◆ **Work instructions**
What you return should be every record, retyped without a single change.

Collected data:
———

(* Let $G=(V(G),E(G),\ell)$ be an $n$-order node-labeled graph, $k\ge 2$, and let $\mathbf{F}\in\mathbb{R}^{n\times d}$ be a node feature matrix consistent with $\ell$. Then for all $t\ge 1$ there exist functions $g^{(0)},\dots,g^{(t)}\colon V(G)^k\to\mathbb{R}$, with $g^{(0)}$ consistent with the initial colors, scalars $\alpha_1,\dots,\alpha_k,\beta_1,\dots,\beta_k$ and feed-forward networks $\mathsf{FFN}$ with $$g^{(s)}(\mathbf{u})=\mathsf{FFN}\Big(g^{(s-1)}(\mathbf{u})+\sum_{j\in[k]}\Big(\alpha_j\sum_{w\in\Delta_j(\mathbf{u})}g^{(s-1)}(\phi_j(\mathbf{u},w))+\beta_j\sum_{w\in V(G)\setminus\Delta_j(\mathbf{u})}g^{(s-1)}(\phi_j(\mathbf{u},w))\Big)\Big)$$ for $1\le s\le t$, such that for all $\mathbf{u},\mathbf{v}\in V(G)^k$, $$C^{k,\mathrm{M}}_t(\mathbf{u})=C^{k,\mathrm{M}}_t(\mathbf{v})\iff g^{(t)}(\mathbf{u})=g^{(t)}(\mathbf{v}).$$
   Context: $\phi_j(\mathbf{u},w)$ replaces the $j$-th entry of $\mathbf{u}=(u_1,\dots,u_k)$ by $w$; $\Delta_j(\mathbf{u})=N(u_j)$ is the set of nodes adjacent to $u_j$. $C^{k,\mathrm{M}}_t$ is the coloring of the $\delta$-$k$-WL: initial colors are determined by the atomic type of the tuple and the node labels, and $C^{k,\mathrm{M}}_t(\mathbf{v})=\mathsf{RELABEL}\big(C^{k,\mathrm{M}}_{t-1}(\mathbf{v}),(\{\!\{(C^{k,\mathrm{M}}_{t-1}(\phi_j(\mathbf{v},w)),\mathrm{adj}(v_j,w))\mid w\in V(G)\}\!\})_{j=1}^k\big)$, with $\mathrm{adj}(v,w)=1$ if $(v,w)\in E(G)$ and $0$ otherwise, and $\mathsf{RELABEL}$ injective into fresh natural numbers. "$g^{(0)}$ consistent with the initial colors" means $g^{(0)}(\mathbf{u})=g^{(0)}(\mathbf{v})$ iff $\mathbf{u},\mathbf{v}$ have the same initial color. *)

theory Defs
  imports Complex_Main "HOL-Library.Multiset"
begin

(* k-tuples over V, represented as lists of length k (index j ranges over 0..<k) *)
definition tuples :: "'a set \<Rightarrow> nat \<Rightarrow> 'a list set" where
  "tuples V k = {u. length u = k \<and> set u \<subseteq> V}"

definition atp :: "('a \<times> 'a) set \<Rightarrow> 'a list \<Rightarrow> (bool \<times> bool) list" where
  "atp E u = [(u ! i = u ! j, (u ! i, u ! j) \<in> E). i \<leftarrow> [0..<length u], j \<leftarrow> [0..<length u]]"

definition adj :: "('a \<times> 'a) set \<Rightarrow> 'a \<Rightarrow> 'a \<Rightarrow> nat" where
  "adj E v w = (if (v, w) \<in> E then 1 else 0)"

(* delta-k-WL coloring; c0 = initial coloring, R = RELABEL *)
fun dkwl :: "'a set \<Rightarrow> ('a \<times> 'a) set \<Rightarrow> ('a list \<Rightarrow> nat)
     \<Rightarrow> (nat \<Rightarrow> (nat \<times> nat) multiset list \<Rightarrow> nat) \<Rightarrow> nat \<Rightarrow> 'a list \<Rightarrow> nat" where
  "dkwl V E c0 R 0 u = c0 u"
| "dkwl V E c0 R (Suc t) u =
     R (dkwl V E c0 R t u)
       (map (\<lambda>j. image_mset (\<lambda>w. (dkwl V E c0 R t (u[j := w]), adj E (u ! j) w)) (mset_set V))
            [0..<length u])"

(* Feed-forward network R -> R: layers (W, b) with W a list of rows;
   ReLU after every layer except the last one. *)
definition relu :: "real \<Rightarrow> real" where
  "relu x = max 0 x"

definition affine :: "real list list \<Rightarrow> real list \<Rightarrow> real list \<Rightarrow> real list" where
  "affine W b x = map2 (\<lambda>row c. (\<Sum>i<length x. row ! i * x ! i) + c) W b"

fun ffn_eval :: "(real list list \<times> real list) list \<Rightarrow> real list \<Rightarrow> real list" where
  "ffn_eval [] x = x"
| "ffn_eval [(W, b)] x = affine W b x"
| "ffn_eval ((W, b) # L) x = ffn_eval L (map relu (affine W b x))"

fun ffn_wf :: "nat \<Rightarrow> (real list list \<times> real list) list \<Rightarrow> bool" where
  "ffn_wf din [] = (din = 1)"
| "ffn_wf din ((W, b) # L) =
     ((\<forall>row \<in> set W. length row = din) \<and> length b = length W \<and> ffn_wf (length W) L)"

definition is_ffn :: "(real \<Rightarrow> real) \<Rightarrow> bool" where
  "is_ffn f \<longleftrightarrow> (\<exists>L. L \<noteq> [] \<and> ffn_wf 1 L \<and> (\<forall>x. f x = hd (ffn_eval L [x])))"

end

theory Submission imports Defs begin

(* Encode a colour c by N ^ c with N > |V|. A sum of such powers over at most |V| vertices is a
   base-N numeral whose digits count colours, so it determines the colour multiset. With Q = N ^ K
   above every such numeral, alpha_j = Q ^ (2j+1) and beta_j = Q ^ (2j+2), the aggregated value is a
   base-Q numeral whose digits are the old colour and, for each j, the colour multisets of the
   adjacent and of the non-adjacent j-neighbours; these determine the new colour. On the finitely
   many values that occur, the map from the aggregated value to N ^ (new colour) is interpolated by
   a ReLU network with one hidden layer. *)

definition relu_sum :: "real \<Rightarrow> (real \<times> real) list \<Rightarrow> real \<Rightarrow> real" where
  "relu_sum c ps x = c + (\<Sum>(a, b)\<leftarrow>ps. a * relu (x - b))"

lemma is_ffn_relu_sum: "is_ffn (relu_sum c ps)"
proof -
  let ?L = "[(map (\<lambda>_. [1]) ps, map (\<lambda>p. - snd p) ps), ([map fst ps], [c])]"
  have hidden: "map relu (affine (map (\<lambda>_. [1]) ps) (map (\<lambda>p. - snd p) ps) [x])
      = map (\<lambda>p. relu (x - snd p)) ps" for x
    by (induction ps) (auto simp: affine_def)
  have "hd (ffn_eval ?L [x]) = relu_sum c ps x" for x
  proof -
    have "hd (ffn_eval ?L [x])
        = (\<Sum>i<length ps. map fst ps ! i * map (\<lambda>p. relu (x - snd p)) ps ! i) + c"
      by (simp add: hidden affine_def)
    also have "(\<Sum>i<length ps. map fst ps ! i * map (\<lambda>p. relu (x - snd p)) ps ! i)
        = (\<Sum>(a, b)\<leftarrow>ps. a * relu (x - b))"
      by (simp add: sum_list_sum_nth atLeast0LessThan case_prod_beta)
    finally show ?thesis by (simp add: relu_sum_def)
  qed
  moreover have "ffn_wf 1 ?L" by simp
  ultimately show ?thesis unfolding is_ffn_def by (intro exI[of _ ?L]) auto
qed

———

◆ **Result for this exercise**
(* Let $G=(V(G),E(G),\ell)$ be an $n$-order node-labeled graph, $k\ge 2$, and let $\mathbf{F}\in\mathbb{R}^{n\times d}$ be a node feature matrix consistent with $\ell$. Then for all $t\ge 1$ there exist functions $g^{(0)},\dots,g^{(t)}\colon V(G)^k\to\mathbb{R}$, with $g^{(0)}$ consistent with the initial colors, scalars $\alpha_1,\dots,\alpha_k,\beta_1,\dots,\beta_k$ and feed-forward networks $\mathsf{FFN}$ with $$g^{(s)}(\mathbf{u})=\mathsf{FFN}\Big(g^{(s-1)}(\mathbf{u})+\sum_{j\in[k]}\Big(\alpha_j\sum_{w\in\Delta_j(\mathbf{u})}g^{(s-1)}(\phi_j(\mathbf{u},w))+\beta_j\sum_{w\in V(G)\setminus\Delta_j(\mathbf{u})}g^{(s-1)}(\phi_j(\mathbf{u},w))\Big)\Big)$$ for $1\le s\le t$, such that for all $\mathbf{u},\mathbf{v}\in V(G)^k$, $$C^{k,\mathrm{M}}_t(\mathbf{u})=C^{k,\mathrm{M}}_t(\mathbf{v})\iff g^{(t)}(\mathbf{u})=g^{(t)}(\mathbf{v}).$$
   Context: $\phi_j(\mathbf{u},w)$ replaces the $j$-th entry of $\mathbf{u}=(u_1,\dots,u_k)$ by $w$; $\Delta_j(\mathbf{u})=N(u_j)$ is the set of nodes adjacent to $u_j$. $C^{k,\mathrm{M}}_t$ is the coloring of the $\delta$-$k$-WL: initial colors are determined by the atomic type of the tuple and the node labels, and $C^{k,\mathrm{M}}_t(\mathbf{v})=\mathsf{RELABEL}\big(C^{k,\mathrm{M}}_{t-1}(\mathbf{v}),(\{\!\{(C^{k,\mathrm{M}}_{t-1}(\phi_j(\mathbf{v},w)),\mathrm{adj}(v_j,w))\mid w\in V(G)\}\!\})_{j=1}^k\big)$, with $\mathrm{adj}(v,w)=1$ if $(v,w)\in E(G)$ and $0$ otherwise, and $\mathsf{RELABEL}$ injective into fresh natural numbers. "$g^{(0)}$ consistent with the initial colors" means $g^{(0)}(\mathbf{u})=g^{(0)}(\mathbf{v})$ iff $\mathbf{u},\mathbf{v}$ have the same initial color. *)

theory Defs
  imports Complex_Main "HOL-Library.Multiset"
begin

(* k-tuples over V, represented as lists of length k (index j ranges over 0..<k) *)
definition tuples :: "'a set \<Rightarrow> nat \<Rightarrow> 'a list set" where
  "tuples V k = {u. length u = k \<and> set u \<subseteq> V}"

definition atp :: "('a \<times> 'a) set \<Rightarrow> 'a list \<Rightarrow> (bool \<times> bool) list" where
  "atp E u = [(u ! i = u ! j, (u ! i, u ! j) \<in> E). i \<leftarrow> [0..<length u], j \<leftarrow> [0..<length u]]"

definition adj :: "('a \<times> 'a) set \<Rightarrow> 'a \<Rightarrow> 'a \<Rightarrow> nat" where
  "adj E v w = (if (v, w) \<in> E then 1 else 0)"

(* delta-k-WL coloring; c0 = initial coloring, R = RELABEL *)
fun dkwl :: "'a set \<Rightarrow> ('a \<times> 'a) set \<Rightarrow> ('a list \<Rightarrow> nat)
     \<Rightarrow> (nat \<Rightarrow> (nat \<times> nat) multiset list \<Rightarrow> nat) \<Rightarrow> nat \<Rightarrow> 'a list \<Rightarrow> nat" where
  "dkwl V E c0 R 0 u = c0 u"
| "dkwl V E c0 R (Suc t) u =
     R (dkwl V E c0 R t u)
       (map (\<lambda>j. image_mset (\<lambda>w. (dkwl V E c0 R t (u[j := w]), adj E (u ! j) w)) (mset_set V))
            [0..<length u])"

(* Feed-forward network R -> R: layers (W, b) with W a list of rows;
   ReLU after every layer except the last one. *)
definition relu :: "real \<Rightarrow> real" where
  "relu x = max 0 x"

definition affine :: "real list list \<Rightarrow> real list \<Rightarrow> real list \<Rightarrow> real list" where
  "affine W b x = map2 (\<lambda>row c. (\<Sum>i<length x. row ! i * x ! i) + c) W b"

fun ffn_eval :: "(real list list \<times> real list) list \<Rightarrow> real list \<Rightarrow> real list" where
  "ffn_eval [] x = x"
| "ffn_eval [(W, b)] x = affine W b x"
| "ffn_eval ((W, b) # L) x = ffn_eval L (map relu (affine W b x))"

fun ffn_wf :: "nat \<Rightarrow> (real list list \<times> real list) list \<Rightarrow> bool" where
  "ffn_wf din [] = (din = 1)"
| "ffn_wf din ((W, b) # L) =
     ((\<forall>row \<in> set W. length row = din) \<and> length b = length W \<and> ffn_wf (length W) L)"

definition is_ffn :: "(real \<Rightarrow> real) \<Rightarrow> bool" where
  "is_ffn f \<longleftrightarrow> (\<exists>L. L \<noteq> [] \<and> ffn_wf 1 L \<and> (\<forall>x. f x = hd (ffn_eval L [x])))"

end

theory Submission imports Defs begin

(* Encode a colour c by N ^ c with N > |V|. A sum of such powers over at most |V| vertices is a
   base-N numeral whose digits count colours, so it determines the colour multiset. With Q = N ^ K
   above every such numeral, alpha_j = Q ^ (2j+1) and beta_j = Q ^ (2j+2), the aggregated value is a
   base-Q numeral whose digits are the old colour and, for each j, the colour multisets of the
   adjacent and of the non-adjacent j-neighbours; these determine the new colour. On the finitely
   many values that occur, the map from the aggregated value to N ^ (new colour) is interpolated by
   a ReLU network with one hidden layer. *)

definition relu_sum :: "real \<Rightarrow> (real \<times> real) list \<Rightarrow> real \<Rightarrow> real" where
  "relu_sum c ps x = c + (\<Sum>(a, b)\<leftarrow>ps. a * relu (x - b))"

lemma is_ffn_relu_sum: "is_ffn (relu_sum c ps)"
proof -
  let ?L = "[(map (\<lambda>_. [1]) ps, map (\<lambda>p. - snd p) ps), ([map fst ps], [c])]"
  have hidden: "map relu (affine (map (\<lambda>_. [1]) ps) (map (\<lambda>p. - snd p) ps) [x])
      = map (\<lambda>p. relu (x - snd p)) ps" for x
    by (induction ps) (auto simp: affine_def)
  have "hd (ffn_eval ?L [x]) = relu_sum c ps x" for x
  proof -
    have "hd (ffn_eval ?L [x])
        = (\<Sum>i<length ps. map fst ps ! i * map (\<lambda>p. relu (x - snd p)) ps ! i) + c"
      by (simp add: hidden affine_def)
    also have "(\<Sum>i<length ps. map fst ps ! i * map (\<lambda>p. relu (x - snd p)) ps ! i)
        = (\<Sum>(a, b)\<leftarrow>ps. a * relu (x - b))"
      by (simp add: sum_list_sum_nth atLeast0LessThan case_prod_beta)
    finally show ?thesis by (simp add: relu_sum_def)
  qed
  moreover have "ffn_wf 1 ?L" by simp
  ultimately show ?thesis unfolding is_ffn_def by (intro exI[of _ ?L]) auto
qed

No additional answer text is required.